2023年3月15日 05:00 | 有料記事

佐倉署和田駐在所の譜久村警部補=佐倉市(画像は一部加工してあります)
佐倉署地域課の警部補、譜久村智宏さん(49)は2011年3月11日、旭市内の海岸近くにあった駐在所に勤務していた。自身も津波にのみ込まれながら濁流から男性を救助し、行方不明者の捜索にも携わった。東日本大震災から12年。刑事に憧れ警察官になった譜久村さんは、あの日を境に「駐在さん」としての道を選び、今も地域住民に寄り添っている。
譜久村さんは沖縄県出身で、2002年に27歳で県警入りした。八千代署勤務などを経て、佐原署(現香取署)で念願の刑事に。10年9月、旭署の刑事課に配属予定だったが、急きょ半年間だけ同署矢指駐在所への赴任が決まった。
◆激しい揺れ、海岸へ
11年3月11日はバイクで走行中、激しい揺れに襲われた。急いで駐在所に戻り「津波が来るかもしれない」と救命胴衣を持ち、約60メートル離れた海岸に向かった。浜にいた親子連れやウオーキング中の人には、すぐに避難してもらった。

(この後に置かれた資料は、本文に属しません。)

(* For every $\lambda\in\mathbb C$, every $g\in SL_2(\Gamma_n)$ and every function $f:E^n\to\Sigma$, \[E_1\,\big(\pi'_\lambda(g)f\big)=\pi_\lambda(g)\big(E_1 f\big),\] where $E_1f$ denotes the function $x\mapsto E_1f(x)$.
   Context: Let $n\ge 2$, let $E^n=\mathbb R^n$ with orthonormal basis $e_1,\dots,e_n$ and $E^{n-1}=\mathrm{span}(e_2,\dots,e_n)$. Let $Cl_{n-1}$ be the real Clifford algebra generated by $E^{n-1}$ with relations $uv+vu=-2(u,v)$; identify $E^n$ with $\mathbb R\oplus E^{n-1}\subset Cl_{n-1}$, $e_1\leftrightarrow1$. Let $a\mapsto a'$ be the principal automorphism ($e_j\mapsto-e_j$, $j\ge 2$), $a\mapsto a^*$ the reversion (anti-automorphism fixing each $e_j$), and $|\cdot|$ the canonical norm of $Cl_{n-1}$. The Clifford group $\Gamma_n$ is the set of finite products of nonzero vectors. A Clifford matrix is $\begin{pmatrix} a&b\\ c&d\end{pmatrix}$ with $a,b,c,d\in\Gamma_n\cup\{0\}$, $ad^*-bc^*=1$, $ab^*\in E^n$, $cd^*\in E^n$; they form a group $SL_2(\Gamma_n)$, and $d^*-b^*x\in\Gamma_n\cup\{0\}$ for $x\in E^n$. Let $\Sigma$ be a finite-dimensional complex Hilbert space with skew-Hermitian operators $E_1,\dots,E_n$ satisfying $E_iE_j+E_jE_i=-2\delta_{ij}\mathrm{Id}$; let $\tau:Cl_{n-1}\to\mathrm{End}(\Sigma)$ be the unital algebra homomorphism with $\tau(e_j)=E_1E_j$ ($2\le j\le n$), and $\tau'(a)=\tau(a')$. For $\lambda\in\mathbb C$ and $g=\begin{pmatrix} a&b\\ c&d\end{pmatrix}\in SL_2(\Gamma_n)$ define, for $x$ with $d^*-b^*x\ne0$, $\pi_\lambda(g)f(x)=|d^*-b^*x|^{-2\lambda-n}\,\tau\big(\tfrac{d^*-b^*x}{|d^*-b^*x|}\big)^{-1}f\big((-c^*+a^*x)(d^*-b^*x)^{-1}\big)$, and $\pi'_\lambda(g)$ by the same formula with $\tau$ replaced by $\tau'$. *)

theory Defs
  imports "HOL-Analysis.Analysis"
begin

text \<open>A multivector is represented by its coefficients with respect to the basis
 e_A = e_{a1} ... e_{ak} (a1 < ... < ak), A a subset of {2..n}.  Only multivectors
 whose coefficients vanish outside Pow {2..n} are genuine elements of Cl_{n-1}.\<close>

type_synonym mv = "nat set \<Rightarrow> real"

definition CL :: "nat \<Rightarrow> mv set" where
  "CL n = {a. \<forall>A. \<not> A \<subseteq> {2..n} \<longrightarrow> a A = 0}"

text \<open>Sign of e_A e_B = sign * e_(A symmetric difference B), using e_j^2 = -1.\<close>
definition blade_sign :: "nat set \<Rightarrow> nat set \<Rightarrow> real" where
  "blade_sign A B = (-1) ^ card {(i, j). i \<in> A \<and> j \<in> B \<and> j < i} * (-1) ^ card (A \<inter> B)"

definition cl_mult :: "nat \<Rightarrow> mv \<Rightarrow> mv \<Rightarrow> mv" where
  "cl_mult n a b = (\<lambda>C. \<Sum>A\<in>Pow {2..n}. \<Sum>B\<in>Pow {2..n}.
      if (A - B) \<union> (B - A) = C then blade_sign A B * a A * b B else 0)"

definition cl_scalar :: "real \<Rightarrow> mv" where
  "cl_scalar r = (\<lambda>A. if A = {} then r else 0)"

definition cl_one :: mv where "cl_one = cl_scalar 1"

definition cl_add :: "mv \<Rightarrow> mv \<Rightarrow> mv" where "cl_add a b = (\<lambda>A. a A + b A)"
definition cl_sub :: "mv \<Rightarrow> mv \<Rightarrow> mv" where "cl_sub a b = (\<lambda>A. a A - b A)"
definition cl_neg :: "mv \<Rightarrow> mv" where "cl_neg a = (\<lambda>A. - a A)"
definition cl_scale :: "real \<Rightarrow> mv \<Rightarrow> mv" where "cl_scale r a = (\<lambda>A. r * a A)"

text \<open>Principal automorphism a \<mapsto> a' (e_j \<mapsto> -e_j).\<close>
definition cl_prin :: "mv \<Rightarrow> mv" where
  "cl_prin a = (\<lambda>A. (-1) ^ card A * a A)"

text \<open>Reversion a \<mapsto> a^* (anti-automorphism fixing each e_j).\<close>
definition cl_rev :: "mv \<Rightarrow> mv" where
  "cl_rev a = (\<lambda>A. (-1) ^ (card A * (card A - 1) div 2) * a A)"

definition cl_norm :: "nat \<Rightarrow> mv \<Rightarrow> real" where
  "cl_norm n a = sqrt (\<Sum>A\<in>Pow {2..n}. (a A)^2)"

definition cl_inv :: "nat \<Rightarrow> mv \<Rightarrow> mv" where
  "cl_inv n a = (THE b. b \<in> CL n \<and> cl_mult n a b = cl_one \<and> cl_mult n b a = cl_one)"

text \<open>E^n = R \<oplus> E^{n-1}, with e_1 identified with 1.\<close>
definition vecs :: "nat \<Rightarrow> mv set" where
  "vecs n = {x. \<forall>A. x A \<noteq> 0 \<longrightarrow> A = {} \<or> (\<exists>j\<in>{2..n}. A = {j})}"

definition clifford_group :: "nat \<Rightarrow> mv set" where
  "clifford_group n = {foldr (cl_mult n) vs cl_one | vs.
      vs \<noteq> [] \<and> (\<forall>v\<in>set vs. v \<in> vecs n \<and> v \<noteq> (\<lambda>_. 0))}"

text \<open>Clifford matrices (a, b, c, d) = [[a, b], [c, d]].\<close>
definition SL2_Gamma :: "nat \<Rightarrow> (mv \<times> mv \<times> mv \<times> mv) set" where
  "SL2_Gamma n = {(a, b, c, d).
      {a, b, c, d} \<subseteq> clifford_group n \<union> {\<lambda>_. 0} \<and>
      cl_sub (cl_mult n a (cl_rev d)) (cl_mult n b (cl_rev c)) = cl_one \<and>
      cl_mult n a (cl_rev b) \<in> vecs n \<and>
      cl_mult n c (cl_rev d) \<in> vecs n}"

definition cadj :: "complex^'m^'m \<Rightarrow> complex^'m^'m" where
  "cadj M = (\<chi> i j. cnj (M $ j $ i))"

text \<open>The unital algebra homomorphism tau with tau(e_j) = E_1 E_j, written out on the basis
 e_A = e_{a1}...e_{ak} (a1 < ... < ak).\<close>
definition tau :: "nat \<Rightarrow> (nat \<Rightarrow> complex^'m^'m) \<Rightarrow> mv \<Rightarrow> complex^'m^'m" where
  "tau n E a = (\<Sum>A\<in>Pow {2..n}. mat (complex_of_real (a A)) **
      foldr (\<lambda>j M. (E 1 ** E j) ** M) (sorted_list_of_set A) (mat 1))"

definition tau' :: "nat \<Rightarrow> (nat \<Rightarrow> complex^'m^'m) \<Rightarrow> mv \<Rightarrow> complex^'m^'m" where
  "tau' n E a = tau n E (cl_prin a)"

text \<open>Generic formula, parametrised by the map t (tau or tau').  Where d^* - b^* x = 0 the
 formula is undefined; we put the value 0 there.\<close>
definition pi_gen :: "nat \<Rightarrow> (mv \<Rightarrow> complex^'m^'m) \<Rightarrow> complex \<Rightarrow> mv \<times> mv \<times> mv \<times> mv
     \<Rightarrow> (mv \<Rightarrow> complex^'m) \<Rightarrow> mv \<Rightarrow> complex^'m" where
  "pi_gen n t lam g f x = (case g of (a, b, c, d) \<Rightarrow>
     let w = cl_sub (cl_rev d) (cl_mult n (cl_rev b) x) in
     if w = (\<lambda>_. 0) then 0 else
       (complex_of_real (cl_norm n w) powr (- 2 * lam - of_nat n)) *s
       (matrix_inv (t (cl_scale (1 / cl_norm n w) w)) *v
         f (cl_mult n (cl_add (cl_neg (cl_rev c)) (cl_mult n (cl_rev a) x)) (cl_inv n w))))"

definition pi_rep :: "nat \<Rightarrow> (nat \<Rightarrow> complex^'m^'m) \<Rightarrow> complex \<Rightarrow> mv \<times> mv \<times> mv \<times> mv
     \<Rightarrow> (mv \<Rightarrow> complex^'m) \<Rightarrow> mv \<Rightarrow> complex^'m" where
  "pi_rep n E = pi_gen n (tau n E)"

definition pi'_rep :: "nat \<Rightarrow> (nat \<Rightarrow> complex^'m^'m) \<Rightarrow> complex \<Rightarrow> mv \<times> mv \<times> mv \<times> mv
     \<Rightarrow> (mv \<Rightarrow> complex^'m) \<Rightarrow> mv \<Rightarrow> complex^'m" where
  "pi'_rep n E = pi_gen n (tau' n E)"

end

theory Submission
  imports Defs
begin

(* Put eps = E_1 and X_j = E_1 E_j, so that tau(e_j) = X_j.  Conjugation by eps
   fixes eps and negates every X_j, hence  tau'(a) = tau(a') = eps tau(a) eps^-1  for every
   multivector a.  Consequently  E_1 tau'(a)^-1 = tau(a)^-1 E_1  as soon as tau(a) is invertible,
   and both sides of the theorem are then equal pointwise.  The real work is to show that
   tau(u) is invertible for u = w/|w|, w = d^* - b^* x the (nonzero) denominator of the formula.

   A sign calculus for the blade products
   e_A e_B gives, in a locale for Clifford generators e_1..e_n, that tau is multiplicative and
   injective (the latter by a trace argument), that tau intertwines the principal automorphism
   with eps-conjugation and reversion with a matrix anti-automorphism mrev.  Paravectors
   (images of E^n) are invertible when nonzero and are preserved by sandwiching; this yields
   the Vahlen-type factorisation  tau(rev d) = mrev(tau b) p  with p a paravector (rev the
   reversion), whence tau(w) is invertible. *)

section \<open>Complex square matrices as a real algebra\<close>

typedef ('m::finite) cmat = "UNIV :: (complex^'m^'m) set"
  morphisms to_matrix of_matrix by auto

setup_lifting type_definition_cmat

instantiation cmat :: (finite) ring_1
begin
lift_definition zero_cmat :: "'a cmat" is "0" .
lift_definition one_cmat :: "'a cmat" is "mat 1" .
lift_definition plus_cmat :: "'a cmat \<Rightarrow> 'a cmat \<Rightarrow> 'a cmat" is "(+)" .
lift_definition minus_cmat :: "'a cmat \<Rightarrow> 'a cmat \<Rightarrow> 'a cmat" is "(-)" .
lift_definition uminus_cmat :: "'a cmat \<Rightarrow> 'a cmat" is "uminus" .
lift_definition times_cmat :: "'a cmat \<Rightarrow> 'a cmat \<Rightarrow> 'a cmat" is "(**)" .
instance
proof
  fix a b c :: "'a cmat"
  show "a * b * c = a * (b * c)" by transfer (simp add: matrix_mul_assoc)
  show "1 * a = a" by transfer simp
  show "a * 1 = a" by transfer simp
  show "(a + b) * c = a * c + b * c"
    by transfer (simp add: matrix_matrix_mult_def vec_eq_iff sum.distrib distrib_right)
  show "a * (b + c) = a * b + a * c" by transfer (simp add: matrix_add_ldistrib)
  show "a + b + c = a + (b + c)" by transfer (simp add: add.assoc)
  show "a + b = b + a" by transfer (simp add: add.commute)
  show "0 + a = a" by transfer simp
  show "- a + a = 0" by transfer simp
  show "a - b = a + - b" by transfer simp
  have "to_matrix (0::'a cmat) $ undefined $ undefined \<noteq> to_matrix (1::'a cmat) $ undefined $ undefined"
    by (simp add: zero_cmat.rep_eq one_cmat.rep_eq mat_def)
  then show "(0::'a cmat) \<noteq> 1" by auto
qed
end

instantiation cmat :: (finite) real_algebra_1
begin
lift_definition scaleR_cmat :: "real \<Rightarrow> 'a cmat \<Rightarrow> 'a cmat" is "scaleR" .
instance
proof
  fix a b :: real and x y :: "'a cmat"
  show "a *\<^sub>R (x + y) = a *\<^sub>R x + a *\<^sub>R y" by transfer (simp add: scaleR_add_right)
  show "(a + b) *\<^sub>R x = a *\<^sub>R x + b *\<^sub>R x" by transfer (simp add: scaleR_add_left)
  show "a *\<^sub>R b *\<^sub>R x = (a * b) *\<^sub>R x" by transfer simp
  show "1 *\<^sub>R x = x" by transfer simp
  show "a *\<^sub>R x * y = a *\<^sub>R (x * y)" by transfer (simp add: scalar_matrix_assoc)
  show "x * a *\<^sub>R y = a *\<^sub>R (x * y)" by transfer (simp add: matrix_scalar_ac scalar_matrix_assoc)
qed
end

lemma to_matrix_mult: "to_matrix (x * y) = to_matrix x ** to_matrix y" by transfer simp
lemma to_matrix_add: "to_matrix (x + y) = to_matrix x + to_matrix y" by transfer simp
lemma to_matrix_minus: "to_matrix (- x) = - to_matrix x" by transfer simp
lemma to_matrix_one: "to_matrix 1 = mat 1" by transfer simp
lemma to_matrix_zero: "to_matrix 0 = 0" by transfer simp
lemma to_matrix_scaleR: "to_matrix (r *\<^sub>R x) = r *\<^sub>R to_matrix x" by transfer simp

lemma to_matrix_sum: "finite S \<Longrightarrow> to_matrix (sum f S) = (\<Sum>i\<in>S. to_matrix (f i))"
  by (induction S rule: finite_induct) (simp_all add: to_matrix_add to_matrix_zero)

lemma mat_of_real_mult: "mat (complex_of_real r) ** (A::complex^'n^'n) = r *\<^sub>R A"
  by (simp add: vec_eq_iff matrix_matrix_mult_def mat_def if_distrib if_distribR sum.delta'
      cong: if_cong; simp add: scaleR_conv_of_real)

lemma to_matrix_of_real: "to_matrix (of_real r :: 'a::finite cmat) = mat (complex_of_real r)"
  unfolding of_real_def to_matrix_scaleR to_matrix_one
  by (simp add: vec_eq_iff mat_def; simp add: scaleR_conv_of_real)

警笛とバイクのクラクションを鳴らし、サーファーを海から上がらせた。波乗りをしていた人たちは「地震が発生したことに気付いていない様子だった」と振り返る。
無線で大津波警報の発令を知り海面を監視していると、海水が沖に引いていった。ごう音とともに津波が浜に接近してきて、自身も退避しようとした時に海岸に向かう男性を発見。走って男性の方に向かい腕をつかんだ瞬間、2人は津波にのみ込まれた。